The basement was, probably, a dark store or cellar, reached only by a trap in the floor above. The entrance seems to have been on the first floor in the west wall, in which also are traces of a loop or small window. The north wall remains perfect. It was most exposed, and is without openings of any kind. In what remains of the south wall is one jamb of an original fireplace, of which is seen the sloping back, and part of a lateral nook and Norman abacus above it. The flanking shaft is gone. In the part of the east wall still remaining is the northern half of a small full-centred window, deeply splayed inwardly. The east and south walls above the first floor are gone. In the west wall, upper floor, is seen the north jamb of a small full-centred window set in a bold splay of hourglass section. North of it, in the same wall, is a small recess, probably for a lamp, and which seems to have been round headed. There, probably, was a fireplace in the south wall.

Projecting from the outside of the south wall, bonded into, and of the same age with it, is a fragment of curtain 7 feet 6 inches thick, in which, as at Kenilworth, is seen the jamb of a doorway, defended outside by a portcullis, the groove of which, square and 5 inches deep by 3 inches broad, shows that the grate was of iron. The groove, as at Kenilworth, stops about 3 feet from the ground, the door having been reached by steps. The groove is not open at bottom, but runs up behind a covering wall, as usual, and was evidently worked from the rampart, as is still seen at the Fishergate postern, at York. The door jamb is about 6 feet from the keep. This was evidently the entrance into the innermost ward, in which, or rather upon the wall of which, stood the keep.

A few feet to the west of the keep is a mass of masonry, clearly a part of the forebuilding which covered the entrance. Its face towards the keep is 13 feet long, and towards the south 16 feet. It varies from 3 feet to 6 feet thick, and is at present about 10 feet high. At present it is distant from the keep 3 feet 6 inches, but the two faces were evidently once in contact, and were displaced by an explosion. The mine by which the keep was destroyed seems to have been placed here.

The material of the keep was rubble-stone faced with excellent fine-jointed ashlar. The exterior face of the forebuilding seems to have had a similar casing.

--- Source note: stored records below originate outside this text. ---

lemma class_in_quot_carrier: "x \<in> S \<Longrightarrow> \<zeta> `` {x} \<in> quot_carrier S m Z"
  unfolding quot_carrier_classes by blast

lemma quot_op_classes:
  assumes "a \<in> S" "b \<in> S"
  shows "quot_op S m Z (\<zeta> `` {a}) (\<zeta> `` {b}) = \<zeta> `` {m a b}"
proof -
  have rep: "(SOME x. x \<in> S \<and> \<zeta> `` {u} = rcos m Z x) \<in> S \<and>
      (SOME x. x \<in> S \<and> \<zeta> `` {u} = rcos m Z x, u) \<in> \<zeta>" if "u \<in> S" for u
    using someI_ex[of "\<lambda>x. x \<in> S \<and> \<zeta> `` {u} = rcos m Z x"] rcos_center class_eq_iff that
    by (metis (no_types, lifting))
  define a' where "a' = (SOME x. x \<in> S \<and> \<zeta> `` {a} = rcos m Z x)"
  define b' where "b' = (SOME x. x \<in> S \<and> \<zeta> `` {b} = rcos m Z x)"
  have "(m a' b', m a b) \<in> \<zeta>"
    unfolding a'_def b'_def using rep assms by (simp add: cong_mult)
  then have "\<zeta> `` {m a' b'} = \<zeta> `` {m a b}"
    using rep assms by (simp add: a'_def b'_def class_eq_iff closed)
  then show ?thesis
    unfolding quot_op_def a'_def[symmetric] b'_def[symmetric]
    using rep assms by (simp add: a'_def b'_def rcos_center closed)
qed

lemma right_loop_quot: "right_loop (quot_carrier S m Z) (quot_op S m Z) Z"
proof -
  have "\<exists>!X. X \<in> quot_carrier S m Z \<and> quot_op S m Z X (\<zeta> `` {a}) = \<zeta> `` {b}"
    if "a \<in> S" "b \<in> S" for a b
  proof (rule ex1I)
    show "\<zeta> `` {rdiv S m b a} \<in> quot_carrier S m Z \<and>
        quot_op S m Z (\<zeta> `` {rdiv S m b a}) (\<zeta> `` {a}) = \<zeta> `` {b}"
      using rdiv[OF right_loop that] that by (simp add: class_in_quot_carrier quot_op_classes)
  next
    fix X assume "X \<in> quot_carrier S m Z \<and> quot_op S m Z X (\<zeta> `` {a}) = \<zeta> `` {b}"
    moreover from this obtain x where x: "x \<in> S" "X = \<zeta> `` {x}"
      unfolding quot_carrier_classes by blast
    ultimately have "\<zeta> `` {m x a} = \<zeta> `` {b}"
      using quot_op_classes that by simp
    then have "(m x a, m (rdiv S m b a) a) \<in> \<zeta>"
      using x(1) rdiv[OF right_loop that] that by (simp add: class_eq_iff closed)
    then show "X = \<zeta> `` {rdiv S m b a}"
      using x rdiv[OF right_loop that] that cong_right_cancel class_eq_iff by blast
  qed
  then show ?thesis
    unfolding right_loop_def quot_carrier_classes
    using one_closed closed left_id right_id by (auto simp: quot_op_classes)
qed

lemma fS_quot_classes:
  assumes "x \<in> S" "y \<in> S" "z \<in> S"
  shows "fS (quot_carrier S m Z) (quot_op S m Z) (\<zeta> `` {y}) (\<zeta> `` {z}) (\<zeta> `` {x})
         = \<zeta> `` {fS S m y z x}"
  using fS_char[OF right_loop assms] assms
  by (intro fS_eqI[OF right_loop_quot]) (simp_all add: class_in_quot_carrier quot_op_classes closed)

lemma class_representatives:
  assumes "finite S"
  obtains rep where "rep \<in> {..<card (quot_carrier S m Z) - 1} \<rightarrow> S"
    and "\<And>x. x \<in> S - Z \<Longrightarrow> \<exists>i\<in>{..<card (quot_carrier S m Z) - 1}. (rep i, x) \<in> \<zeta>"
proof -
  let ?Q = "quot_carrier S m Z"
  have "finite (?Q - {Z})" "Z \<in> ?Q"
    using assms class_in_quot_carrier[OF one_closed] by (simp_all add: quot_carrier_def)
  then obtain r where r: "bij_betw r {..<card ?Q - 1} (?Q - {Z})"
    using ex_bij_betw_nat_finite[of "?Q - {Z}"] by (auto simp: atLeast0LessThan)
  define rep where "rep i = (SOME x. x \<in> S \<and> \<zeta> `` {x} = r i)" for i
  have rep: "rep i \<in> S \<and> \<zeta> `` {rep i} = r i" if "i \<in> {..<card ?Q - 1}" for i
  proof -
    have "r i \<in> ?Q" using bij_betwE[OF r] that by blast
    then show ?thesis
      unfolding rep_def quot_carrier_classes by (rule imageE) (metis (mono_tags, lifting) someI)
  qed
  show thesis
  proof
    show "rep \<in> {..<card ?Q - 1} \<rightarrow> S" using rep by blast
    fix x assume x: "x \<in> S - Z"
    then have "\<zeta> `` {x} \<in> ?Q - {Z}"
      using class_in_quot_carrier class_eq_iff[of x e] one_closed cong_sym by auto
    then obtain i where "i \<in> {..<card ?Q - 1}" "r i = \<zeta> `` {x}"
      using bij_betw_imp_surj_on[OF r] by (metis imageE)
    with rep x show "\<exists>i\<in>{..<card ?Q - 1}. (rep i, x) \<in> \<zeta>"
      using class_eq_iff by blast
  qed
qed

It is not easy to obtain accurate measurements of the keep, so much has been removed, so much injured, and what remains is so obscured with ivy. Moreover, the interior is fitted up for two dog-kennels, kept in a very filthy condition, and with putrid carrion suspended from the walls. The ruins also stand in three distinct enclosures, all locked up. A mine has been sprung between the keep and the forebuilding, and the explosion has removed all the upper part of the latter, and so tilted the keep that it leans at an angle of fifteen degrees eastward from the vertical, and the upper part of the east and south walls are gone. Moreover, the keep seems to have been lifted bodily about three feet towards the east, and the north wall has a large open crack. About fifteen yards from the south-east angle stands a huge ivy-covered mass of masonry, probably the detached angle of the tower. What remains of the keep is held together by the excellence of the cement. The ruin is in a state of great filth and neglect, and it is much to be regretted that the whole area is not converted into a public garden. Judicious excavation would probably throw much light upon the details of the keep, and show the line of its contiguous curtain wall.